# Brewing National Debate: Move EMS from DOT to DHS?



## Jon (May 7, 2005)

Brewing National Debate: Move EMS from DOT to DHS? 
May 3, 2005

A Homeland Security Policy Institute (HSPI) task force announced today that EMS would be more appropriately delegated to the U.S. Department of Homeland Security (DHS) than under its current administration by the U.S. Department of Transportation (DOT). The task force makes the assertion that “the time is ripe for EMS to move to a more suitable federal agency” because the modern responsibilities of EMS have outgrown its home with the DOT, a home that made sense when early EMS still focused on transporting MVC patients, according to the press release.

<Snip>

The report also calls for the creation of a U.S. EMS Administration within the DHS, which would lead national policy and address and communicate on such issues as national training programs, responder safety, research and funding. As has been widely discussed in EMS and first responder circles, EMS currently receives only 4% of the first responder funding disbursed by DHS; the task force points to this fact as an indication that EMS lacks a sound federal advocate.


Press Release: Clicky

Whole Article:
Clicky


----------



## Phridae (May 7, 2005)

Eh. I never really understood why EMS falls under DOT. Never made much sense to me. I see no problem with this.


----------



## TTLWHKR (May 7, 2005)

Because the National Highway Safety Admin. created EMS in 1966. That's why it is covered by the DOT.

Ambulances went from Hearses w/ no equipment and men w/ no training to "something to work with".


----------



## rescuemedic7306 (May 7, 2005)

I don't care who runs it, just give us the same access to grant money as the FDs


----------



## TTLWHKR (May 7, 2005)

First Bureau of Accident Prevention; PA Dept. of Health step toward making all ambulance personnel certified in the Commonwealth of Pennsylvania was the "Ambulance Attendant Act of April 1964". 

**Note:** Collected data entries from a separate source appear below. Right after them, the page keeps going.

lemma cfK_sq_numerators_shift_identity:
  "((x - r) / 2 + cfK (sq_numerators r) x) * ((x + 3 * r) / 2 + cfK (sq_numerators r) (x + 2 * r))
    = (x + r)\<^sup>2 / 4"
proof -
  have y: "x + 2 * r > 0" using r x by simp
  \<comment> \<open>the tail value that makes the invariant hold at level m + 2 against the tail 0 at x + 2r\<close>
  define w where "w m = (x + r)\<^sup>2 / (2 * (x + (2 * real (m + 2) + 1) * r)) - (x - (2 * real (m + 2) - 1) * r) / 2"
    for m
  have w_nonneg: "eventually (\<lambda>m. w m \<ge> 0) sequentially"
  proof -
    obtain N :: nat where "x / r < real N"
      using reals_Archimedean2 by blast
    have "x \<le> (2 * real (m + 2) - 1) * r" if "m \<ge> N" for m
    proof -
      have "x \<le> real N * r" using \<open>x / r < real N\<close> r by (simp add: field_simps)
      also have "\<dots> \<le> (2 * real (m + 2) - 1) * r" using that r by (intro mult_right_mono) auto
      finally show ?thesis .
    qed
    moreover have "(x + r)\<^sup>2 / (2 * (x + (2 * real (m + 2) + 1) * r)) \<ge> 0" for m
      using r x by simp
    ultimately have "w m \<ge> 0" if "m \<ge> N" for m
      unfolding w_def using that by (smt (verit) divide_nonpos_pos)
    then show ?thesis
      unfolding eventually_sequentially by blast
  qed
  have inv: "tails_invariant r x 1 (cf_tail (sq_numerators r) x 1 (Suc m) (w m))
      (cf_tail (sq_numerators r) (x + 2 * r) 1 (Suc m) 0)" if "w m \<ge> 0" for m
  proof (rule tails_invariant_cf_tail[OF _ that order_refl])
    have "x + (2 * real (m + 2) + 1) * r > 0" using r x by (simp add: add_pos_pos)
    then show "tails_invariant r x (1 + Suc m) (w m) 0"
      by (simp add: tails_invariant_def w_def field_simps power2_eq_square)
  qed
  let ?Kx = "cfK (sq_numerators r) x" and ?Ky = "cfK (sq_numerators r) (x + 2 * r)"
  let ?f = "\<lambda>m. ((x - r) / 2 + cf_tail (sq_numerators r) x 1 (Suc m) (w m))
    * ((x + 3 * r) / 2 + cf_conv (sq_numerators r) (x + 2 * r) (Suc m))"
  have lim: "?f \<longlonglongrightarrow> ((x - r) / 2 + ?Kx) * ((x + 3 * r) / 2 + ?Ky)"
  proof (intro tendsto_intros)
    show "(\<lambda>m. cf_tail (sq_numerators r) x 1 (Suc m) (w m)) \<longlonglongrightarrow> ?Kx"
      by (rule cf_tail_tendsto_cfK[OF sq_numerators_nonneg x convergent_cf_conv_sq_numerators[OF r x] w_nonneg])
    show "(\<lambda>m. cf_conv (sq_numerators r) (x + 2 * r) (Suc m)) \<longlonglongrightarrow> ?Ky"
      using convergent_cf_conv_sq_numerators[OF r y]
      by (simp add: cfK_def convergent_LIMSEQ_iff LIMSEQ_Suc)
  qed
  have "eventually (\<lambda>m. ?f m = (x + r)\<^sup>2 / 4) sequentially"
    using w_nonneg by eventually_elim
      (use inv in \<open>simp add: tails_invariant_def cf_conv_def cf_aux_eq_cf_tail\<close>)
  then have "?f \<longlonglongrightarrow> (x + r)\<^sup>2 / 4"
    by (rule tendsto_eventually)
  with lim show ?thesis
    by (rule LIMSEQ_unique)
qed

end

lemma cfK_sq_numerators_reciprocal_sum:
  assumes r: "r > 0" and x: "x > 0"
  shows "1 / (2 * x + 2 * cfK (sq_numerators r) x)
    + 1 / (2 * (x + 2 * r) + 2 * cfK (sq_numerators r) (x + 2 * r)) = 1 / (x + r)"
proof -
  define A where "A = x + cfK (sq_numerators r) x"
  define B where "B = x + 2 * r + cfK (sq_numerators r) (x + 2 * r)"
  have "A > 0" "B > 0" "x + r > 0"
    using r x cfK_sq_numerators_nonneg[OF r x] cfK_sq_numerators_nonneg[of r "x + 2 * r"]
    by (simp_all add: A_def B_def)
  have "(A - (x + r) / 2) * (B - (x + r) / 2) = (x + r)\<^sup>2 / 4"
    using cfK_sq_numerators_shift_identity[OF r x] by (simp add: A_def B_def field_simps)
  then have AB: "2 * A * B = (x + r) * (A + B)"
    by (simp add: field_simps power2_eq_square)
  have "1 / (2 * A) + 1 / (2 * B) = (A + B) / (2 * A * B)"
    using \<open>A > 0\<close> \<open>B > 0\<close> by (simp add: field_simps)
  also have "\<dots> = 1 / (x + r)"
    using \<open>A > 0\<close> \<open>B > 0\<close> unfolding AB by simp
  finally show ?thesis
    by (simp add: A_def B_def algebra_simps)
qed

lemma antiperiodic_tendsto_0_imp_zero:
  fixes h :: "real \<Rightarrow> real"
  assumes "d > 0" and anti: "\<And>s. s > s0 \<Longrightarrow> h (s + d) = - h s"
    and h: "(h \<longlongrightarrow> 0) at_top" and "s > s0"
  shows "h s = 0"
proof -
  have orbit: "h (s + d * real k) = (-1) ^ k * h s" for k
  proof (induction k)
    case (Suc k)
    have "s + d * real k > s0"
      using \<open>d > 0\<close> \<open>s > s0\<close> by (simp add: add_pos_nonneg add.commute less_le_trans)
    then show ?case
      using anti[of "s + d * real k"] Suc.IH by (simp add: algebra_simps)
  qed simp
  have "filterlim (\<lambda>k. s + d * real k) at_top sequentially"
    by (intro filterlim_tendsto_add_at_top[OF tendsto_const]
        filterlim_tendsto_pos_mult_at_top[OF tendsto_const \<open>d > 0\<close> filterlim_real_sequentially])
  then have "(\<lambda>k. \<bar>h (s + d * real k)\<bar>) \<longlonglongrightarrow> 0"
    by (intro tendsto_rabs_zero filterlim_compose[OF h])
  then have "(\<lambda>k. \<bar>h s\<bar>) \<longlonglongrightarrow> 0"
    by (simp add: orbit abs_mult)
  then show ?thesis
    by (simp add: LIMSEQ_const_iff)
qed

lemma fcf_eq_cfK_sq_numerators:
  "fcf \<psi> s r = 1 / (2 * phi \<psi> s r + 2 * cfK (sq_numerators r) (phi \<psi> s r))"
  by (simp add: fcf_def sq_numerators_def)

lemma fcf_tendsto_0:
  assumes r: "r > 0"
  shows "((\<lambda>s. fcf \<psi> s r) \<longlongrightarrow> 0) at_top"
proof (rule Lim_null_comparison)
  show "eventually (\<lambda>s. norm (fcf \<psi> s r) \<le> inverse (2 * (\<psi> r + s))) at_top"
    using eventually_gt_at_top[of "- \<psi> r"]
  proof eventually_elim
    case (elim s)
    then have "phi \<psi> s r > 0" by (simp add: phi_def)
    with cfK_sq_numerators_nonneg[OF r this] show ?case
      by (simp add: fcf_eq_cfK_sq_numerators phi_def frac_le divide_inverse add.commute)
  qed
  have "filterlim (\<lambda>s. \<psi> r + s) at_top at_top"
    by (rule filterlim_tendsto_add_at_top[OF tendsto_const filterlim_ident])
  from filterlim_tendsto_pos_mult_at_top[OF tendsto_const _ this, of 2]
  have "filterlim (\<lambda>s. 2 * (\<psi> r + s)) at_top at_top"
    by simp
  then show "((\<lambda>s. inverse (2 * (\<psi> r + s))) \<longlongrightarrow> 0) at_top"
    by (rule tendsto_inverse_0_at_top)
qed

The first state wide class brought 1,614 certified ambulance attendants to the commonwealth.

The EMT class wasn't required in PA until 1973.


----------



## Ridryder911 (May 25, 2005)

Why not have EMS run EMS ?  Always wondered why, it has to be a step-child for anybody ? 

Moving it from DOT to Homeland Security, will only increase red-tape. Besides, preparing for WMD is important, but most EMS services deal with day to day care. Disaster & preparedness is just one of our avenues, medical care of the sick & injured is the primary role. 

Be safe, 
Ridryder 911


----------



## ma2va92 (May 25, 2005)

> _Originally posted by rescuemedic7306_@May 7 2005, 03:01 PM
> * I don't care who runs it, just give us the same access to grant money as the FDs *


 this is so   true..... if your a rescue squad ..not belonging to a FD.. then the grant money ... next to nothing.. if can even get it.....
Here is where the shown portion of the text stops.